In the records below, the line with "yX] by blast" opens the range and the line with "using proregular3E[OF pr" closes it; print that range exactly and nothing else.
(Beginning of Source material)
lemma proclus_imp_cond3:
  assumes pc: "proclus X Ls"
  shows "cond3 X Ls"
  unfolding cond3_def
proof (intro ballI allI impI, elim conjE)
  fix L oo x y v w
  assume L: "L \<in> Ls" and oo: "oo \<in> L" and x: "x \<in> X - L" and y: "y \<in> hull (L \<union> {x})"
    and v: "v \<in> line oo x" "line v y \<inter> L = {}" and w: "w \<in> line oo x" "line w y \<inter> L = {}"
  let ?Q = "hull (L \<union> {x})"
  have LxX: "L \<union> {x} \<subseteq> X" using Ls_subset_X L x by blast
  have ooX: "oo \<in> X" and yX: "y \<in> X" using LxX oo y hull_subset_X by blast+
  have vX: "v \<in> X" "w \<in> X" using v(1) w(1) line_subset_X[OF ooX] x by blast+
  have "line oo x \<subseteq> ?Q" using flat_line_subset[OF flat_hull] hull_subset LxX oo by blast
  show "v = w"
  proof (cases "y \<in> line oo x")
    case True
    then show ?thesis using collinear_eq_if_line_misses[OF oo ooX] x v w by (metis DiffD1)
  next
    case False
    then have "v \<noteq> y" "w \<noteq> y" using v(1) w(1) by auto
    moreover have "y \<notin> L" using v(2) right_in_line[OF vX(1) yX] by blast
    ultimately have "line v y = line w y"
      using proclus_missing_lines_eq[OF pc plane_hull_line_insert[OF L x] _ _ _ _ _ v(2) _ _ w(2)]
        hull_subset[OF LxX] y v(1) w(1) \<open>line oo x \<subseteq> ?Q\<close> L by blast
    show "v = w"
    proof (rule ccontr)
      assume "v \<noteq> w"
      have "w \<in> line v y" using \<open>line v y = line w y\<close> left_in_line[OF vX(2) yX] by simp
      then have "line v w = line v y"
        using line_eq_line[OF vX(1) yX \<open>v \<noteq> y\<close> left_in_line[OF vX(1) yX]] \<open>v \<noteq> w\<close> by blast
      moreover have "line v w = line oo x"
        using line_eq_line[OF ooX _ _ v(1) w(1) \<open>v \<noteq> w\<close>] x oo by auto
      ultimately show False using False right_in_line[OF vX(1) yX] by simp
    qed
  qed
qed

lemma proaffineD:
  assumes "proaffine X Ls" "oo \<in> X" "x \<in> X" "y \<in> X" "p \<in> line x y - line oo x"
  obtains u where "u \<in> line oo y" "\<And>v. v \<in> line oo y - {u} \<Longrightarrow> line v p \<inter> line oo x \<noteq> {}"
  using assms(1)[unfolded proaffine_def, rule_format, OF assms(2-5)] by blast

lemma proaffine_proregular3_imp_cond3:
  assumes pa: "proaffine X Ls" and pr: "proregular3 X Ls"
  shows "cond3 X Ls"
  unfolding cond3_def
proof (intro ballI allI impI, elim conjE)
  fix L oo x y v w
  assume L: "L \<in> Ls" and oo: "oo \<in> L" and x: "x \<in> X - L" and y: "y \<in> hull (L \<union> {x})"
    and v: "v \<in> line oo x" "line v y \<inter> L = {}" and w: "w \<in> line oo x" "line w y \<inter> L = {}"
  have ooX: "oo \<in> X" using L oo Ls_subset_X by blast
  have yX: "y \<in> X" using y hull_subset_X[of "L \<union> {x}"] Ls_subset_X L x by blast
  show "v = w"
  proof (rule ccontr)
    assume "v \<noteq> w"
    have "v \<noteq> oo" "w \<noteq> oo" using v(2) w(2) left_in_line[OF ooX yX] oo by auto
    then have "line oo x \<noteq> {oo, x}" using v(1) w(1) \<open>v \<noteq> w\<close> by auto
    then obtain u t where u: "u \<in> line oo x" and t: "t \<in> L" and y_ut: "y \<in> line u t"
      using proregular3E[OF pr L oo x _ y] by blast
    have uX: "u \<in> X" and tX: "t \<in> X" using u t line_subset_X[OF ooX] Ls_subset_X L x by blast+
    have "y \<notin> L" using v(2) right_in_line[OF _ yX] v(1) line_subset_X[OF ooX] x by blast
    then have "u \<noteq> oo" using y_ut line_subset_line[OF L oo t] by blast
    have "t \<noteq> oo"
    proof
      assume "t = oo"
      then have "y \<in> line oo x"
        using y_ut line_subset_line[OF line_in_Ls[OF ooX] u left_in_line[OF ooX]] x oo by auto
      then show False
        using collinear_eq_if_line_misses[OF oo ooX] x v w \<open>v \<noteq> w\<close> by (metis DiffD1)
    qed
    have ou: "line oo u = line oo x"
      using line_eq_line[OF ooX _ _ left_in_line[OF ooX] u] x oo \<open>u \<noteq> oo\<close> by auto
    have ot: "line oo t = L" using line_eqI[OF L oo t] \<open>t \<noteq> oo\<close> by simp
    have "y \<in> line t u - line oo t" using y_ut line_commute[OF uX tX] ot \<open>y \<notin> L\<close> by simp
    then obtain U where "\<And>v'. v' \<in> line oo u - {U} \<Longrightarrow> line v' y \<inter> line oo t \<noteq> {}"
      using proaffineD[OF pa ooX tX uX] by blast
    then show False using v w \<open>v \<noteq> w\<close> unfolding ou ot by blast
  qed
qed

lemma cond3_in_plane:
  assumes c3: "cond3 X Ls" and P: "plane X Ls P" and L: "L \<in> Ls" "L \<subseteq> P" and oo: "oo \<in> L"
    and z: "z \<in> P - L" and y: "y \<in> P"
    and v: "v \<in> line oo z" "line v y \<inter> L = {}" and w: "w \<in> line oo z" "line w y \<inter> L = {}"
  shows "v = w"
proof -
  have "hull (L \<union> {z}) = P"
    using plane_eq_hull_line_insert[OF cond3_imp_proregular3[OF c3] P L z] .
  moreover have "P \<subseteq> X" using P unfolding plane_def flat_def by blast
  ultimately show ?thesis using cond3D[OF c3 L(1) oo _ _ v w] z y by auto
qed

context
  fixes P L x \<Lambda>1 \<Lambda>2
  assumes c3: "cond3 X Ls" and P: "plane X Ls P" and L: "L \<in> Ls" "L \<subseteq> P" and x: "x \<in> P - L"
    and \<Lambda>1: "\<Lambda>1 \<in> Ls" "x \<in> \<Lambda>1" "\<Lambda>1 \<subseteq> P - L" and \<Lambda>2: "\<Lambda>2 \<in> Ls" "x \<in> \<Lambda>2" "\<Lambda>2 \<subseteq> P - L"
    and distinct: "\<Lambda>1 \<noteq> \<Lambda>2"
begin

private lemma P_subset_X: "P \<subseteq> X"
  using P unfolding plane_def flat_def by blast

private lemma parallels_meet_at_x: "a \<in> \<Lambda>1 \<Longrightarrow> a \<in> \<Lambda>2 \<Longrightarrow> a = x"
  using line_unique[OF \<Lambda>1(1) \<Lambda>2(1) \<Lambda>1(2) _ \<Lambda>2(2)] distinct by blast

private lemma line_between_parallels_avoids:
  assumes a: "a \<in> \<Lambda>1" "a \<noteq> x" and b: "b \<in> \<Lambda>2" "b \<noteq> x"
  shows "line a b \<inter> L = {}"
proof (rule ccontr)
  assume "line a b \<inter> L \<noteq> {}"
  then obtain t where t: "t \<in> line a b" "t \<in> L" by blast
  have "a \<noteq> b" using a b parallels_meet_at_x by blast
  have X: "a \<in> X" "b \<in> X" "t \<in> X" using a b t \<Lambda>1 \<Lambda>2 L Ls_subset_X by blast+
  have "t \<noteq> a" using t \<Lambda>1(3) a by blast
  then have "b \<in> line t a" using mem_line_swap[OF X(1,2) t(1)] line_commute[OF X(1,3)] by simp
  have "line a x = \<Lambda>1" "line b x = \<Lambda>2" using line_eqI \<Lambda>1 \<Lambda>2 a b by blast+
  then have "a = b"
    using cond3_in_plane[OF c3 P L t(2) _ _ right_in_line[OF X(3,1)] _ \<open>b \<in> line t a\<close>, of x]
      a b \<Lambda>1(3) \<Lambda>2(3) x by blast
  then show False using \<open>a \<noteq> b\<close> by simp
qed

private lemma obtain_long_line_to_x:
  obtains oo w where "oo \<in> L" "w \<in> line oo x" "w \<noteq> oo" "w \<noteq> x"
proof -
  have "\<exists>oo\<in>L. \<exists>w\<in>line oo x. w \<noteq> oo \<and> w \<noteq> x"
  proof (rule ccontr)
    assume "\<not> ?thesis"
    then have "\<forall>oo\<in>L. line oo x = {oo, x}"
      using left_in_line right_in_line Ls_subset_X[OF L(1)] P_subset_X x by blast
    then have "flat X Ls (L \<union> {x})"
      using flat_line_insert_if_two_point_lines[OF L(1)] x P_subset_X by blast
    moreover have "hull (L \<union> {x}) = P"
      using plane_eq_hull_line_insert[OF cond3_imp_proregular3[OF c3] P L x] .
    ultimately have "P \<subseteq> L \<union> {x}" using hull_minimal by blast
    moreover obtain a where "a \<in> \<Lambda>1" "a \<noteq> x" using line_obtain_two_points[OF \<Lambda>1(1)] by metis
    ultimately show False using \<Lambda>1(3) by blast
  qed
  then show ?thesis using that by blast
qed

private lemma line_to_parallel_meets_other:
  assumes oo: "oo \<in> L" and w: "w \<in> line oo x" "w \<noteq> oo" and b: "b \<in> \<Lambda>2" "b \<noteq> x"
  shows "line w b \<inter> \<Lambda>1 \<noteq> {}"
proof
  assume wb: "line w b \<inter> \<Lambda>1 = {}"
  have X: "oo \<in> X" "b \<in> X" "x \<in> X" using oo b x \<Lambda>2 L Ls_subset_X by blast+
  have "line oo b \<inter> \<Lambda>1 = {}"
  proof (rule ccontr)
    assume "line oo b \<inter> \<Lambda>1 \<noteq> {}"
    then obtain a where a: "a \<in> line oo b" "a \<in> \<Lambda>1" by blast
    have "a \<noteq> b" using a(2) b parallels_meet_at_x by blast
    have "oo \<noteq> b" using oo b \<Lambda>2(3) by blast
    then have "oo \<in> line a b"
      using line_eq_line[OF X(1,2) _ a(1) right_in_line[OF X(1,2)] \<open>a \<noteq> b\<close>] left_in_line[OF X(1,2)]
      by simp
    moreover have "line a b \<inter> L = {}"
    proof (cases "a = x")
      case True
      then show ?thesis using line_eqI[OF \<Lambda>2(1) \<Lambda>2(2) b(1)] b(2) \<Lambda>2(3) line_commute X(2,3) by auto
    qed (use line_between_parallels_avoids a b in blast)
    ultimately show False using oo by blast
  qed
  moreover have "oo \<in> P - \<Lambda>1" "b \<in> P" using oo L \<Lambda>1 \<Lambda>2 b by blast+
  moreover have "oo \<in> line x oo" "w \<in> line x oo"
    using right_in_line[OF X(3,1)] w(1) line_commute[OF X(1,3)] by auto
  ultimately have "oo = w"
    using cond3_in_plane[OF c3 P \<Lambda>1(1) _ \<Lambda>1(2)] wb \<Lambda>1(3) by blast
  then show False using w(2) by simp
qed

lemma cond3_no_two_parallels: False
proof -
  obtain oo w where oo: "oo \<in> L" and w: "w \<in> line oo x" "w \<noteq> oo" "w \<noteq> x"
    using obtain_long_line_to_x by blast
  obtain b where b: "b \<in> \<Lambda>2" "b \<noteq> x" using line_obtain_two_points[OF \<Lambda>2(1)] by metis
  obtain a where a: "a \<in> line w b" "a \<in> \<Lambda>1"
    using line_to_parallel_meets_other[OF oo w(1,2) b] by blast
  have X: "oo \<in> X" "x \<in> X" "b \<in> X" using oo x b L \<Lambda>2 Ls_subset_X P_subset_X by blast+
  have "oo \<noteq> x" using oo x by blast
  have wX: "w \<in> X" using w(1) line_subset_X[OF X(1,2)] by blast
  have w_notin: "w \<notin> \<Lambda>" if "\<Lambda> \<in> Ls" "x \<in> \<Lambda>" "\<Lambda> \<subseteq> P - L" for \<Lambda>
    using point_off_line[OF that(1,2), of oo w] line_commute[OF X(1,2)] w oo that(3) X(1) by blast
  have "a \<noteq> x"
  proof
    assume "a = x"
    then have "w \<in> line b x" using mem_line_swap[OF X(3) wX] a(1) line_commute[OF wX X(3)] b(2) by simp
    then show False using line_eqI[OF \<Lambda>2(1) b(1) \<Lambda>2(2) b(2)] w_notin[OF \<Lambda>2] by simp
  qed
  have "a \<noteq> b" using a(2) b parallels_meet_at_x by blast
  have "a \<noteq> w" using a(2) w_notin[OF \<Lambda>1] by blast
  have "w \<noteq> b" using b(1) w_notin[OF \<Lambda>2] by blast
  have "line w a = line w b"
    using line_eq_line[OF wX X(3) \<open>w \<noteq> b\<close> left_in_line[OF wX X(3)] a(1)] \<open>a \<noteq> w\<close> by simp
  moreover have "line a b = line w b"
    using line_eq_line[OF wX X(3) \<open>w \<noteq> b\<close> a(1) right_in_line[OF wX X(3)] \<open>a \<noteq> b\<close>] .
  ultimately have wa: "line w a \<inter> L = {}" using line_between_parallels_avoids[OF a(2) \<open>a \<noteq> x\<close> b] by simp
  have xa: "line x a \<inter> L = {}"
    using line_eqI[OF \<Lambda>1(1,2) a(2)] \<open>a \<noteq> x\<close> \<Lambda>1(3) by auto
  have "line oo w = line oo x"
    using line_eq_line[OF X(1,2) \<open>oo \<noteq> x\<close> left_in_line[OF X(1,2)] w(1)] w(2) by auto
  moreover have "w \<in> P - L"
    using w(1) flat_line_subset[of P oo x] P oo x L(2) point_off_line[OF L(1) oo _ w(1,2)] X(2)
    unfolding plane_def by blast
  ultimately have "x = w"
    using cond3_in_plane[OF c3 P L oo _ _ _ xa _ wa] right_in_line[OF X(1) wX] right_in_line[OF X(1,2)]
      a(2) \<Lambda>1(3) by blast
  then show False using w(3) by simp
qed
(End of Source material)
Solution below ▸
    moreover have "y \<notin> L" using v(2) right_in_line[OF vX(1) yX] by blast
    ultimately have "line v y = line w y"
      using proclus_missing_lines_eq[OF pc plane_hull_line_insert[OF L x] _ _ _ _ _ v(2) _ _ w(2)]
        hull_subset[OF LxX] y v(1) w(1) \<open>line oo x \<subseteq> ?Q\<close> L by blast
    show "v = w"
    proof (rule ccontr)
      assume "v \<noteq> w"
      have "w \<in> line v y" using \<open>line v y = line w y\<close> left_in_line[OF vX(2) yX] by simp
      then have "line v w = line v y"
        using line_eq_line[OF vX(1) yX \<open>v \<noteq> y\<close> left_in_line[OF vX(1) yX]] \<open>v \<noteq> w\<close> by blast
      moreover have "line v w = line oo x"
        using line_eq_line[OF ooX _ _ v(1) w(1) \<open>v \<noteq> w\<close>] x oo by auto
      ultimately show False using False right_in_line[OF vX(1) yX] by simp
    qed
  qed
qed

lemma proaffineD:
  assumes "proaffine X Ls" "oo \<in> X" "x \<in> X" "y \<in> X" "p \<in> line x y - line oo x"
  obtains u where "u \<in> line oo y" "\<And>v. v \<in> line oo y - {u} \<Longrightarrow> line v p \<inter> line oo x \<noteq> {}"
  using assms(1)[unfolded proaffine_def, rule_format, OF assms(2-5)] by blast

lemma proaffine_proregular3_imp_cond3:
  assumes pa: "proaffine X Ls" and pr: "proregular3 X Ls"
  shows "cond3 X Ls"
  unfolding cond3_def
proof (intro ballI allI impI, elim conjE)
  fix L oo x y v w
  assume L: "L \<in> Ls" and oo: "oo \<in> L" and x: "x \<in> X - L" and y: "y \<in> hull (L \<union> {x})"
    and v: "v \<in> line oo x" "line v y \<inter> L = {}" and w: "w \<in> line oo x" "line w y \<inter> L = {}"
  have ooX: "oo \<in> X" using L oo Ls_subset_X by blast
  have yX: "y \<in> X" using y hull_subset_X[of "L \<union> {x}"] Ls_subset_X L x by blast
  show "v = w"
  proof (rule ccontr)
    assume "v \<noteq> w"
    have "v \<noteq> oo" "w \<noteq> oo" using v(2) w(2) left_in_line[OF ooX yX] oo by auto
    then have "line oo x \<noteq> {oo, x}" using v(1) w(1) \<open>v \<noteq> w\<close> by auto
    then obtain u t where u: "u \<in> line oo x" and t: "t \<in> L" and y_ut: "y \<in> line u t"
      using proregular3E[OF pr L oo x _ y] by blast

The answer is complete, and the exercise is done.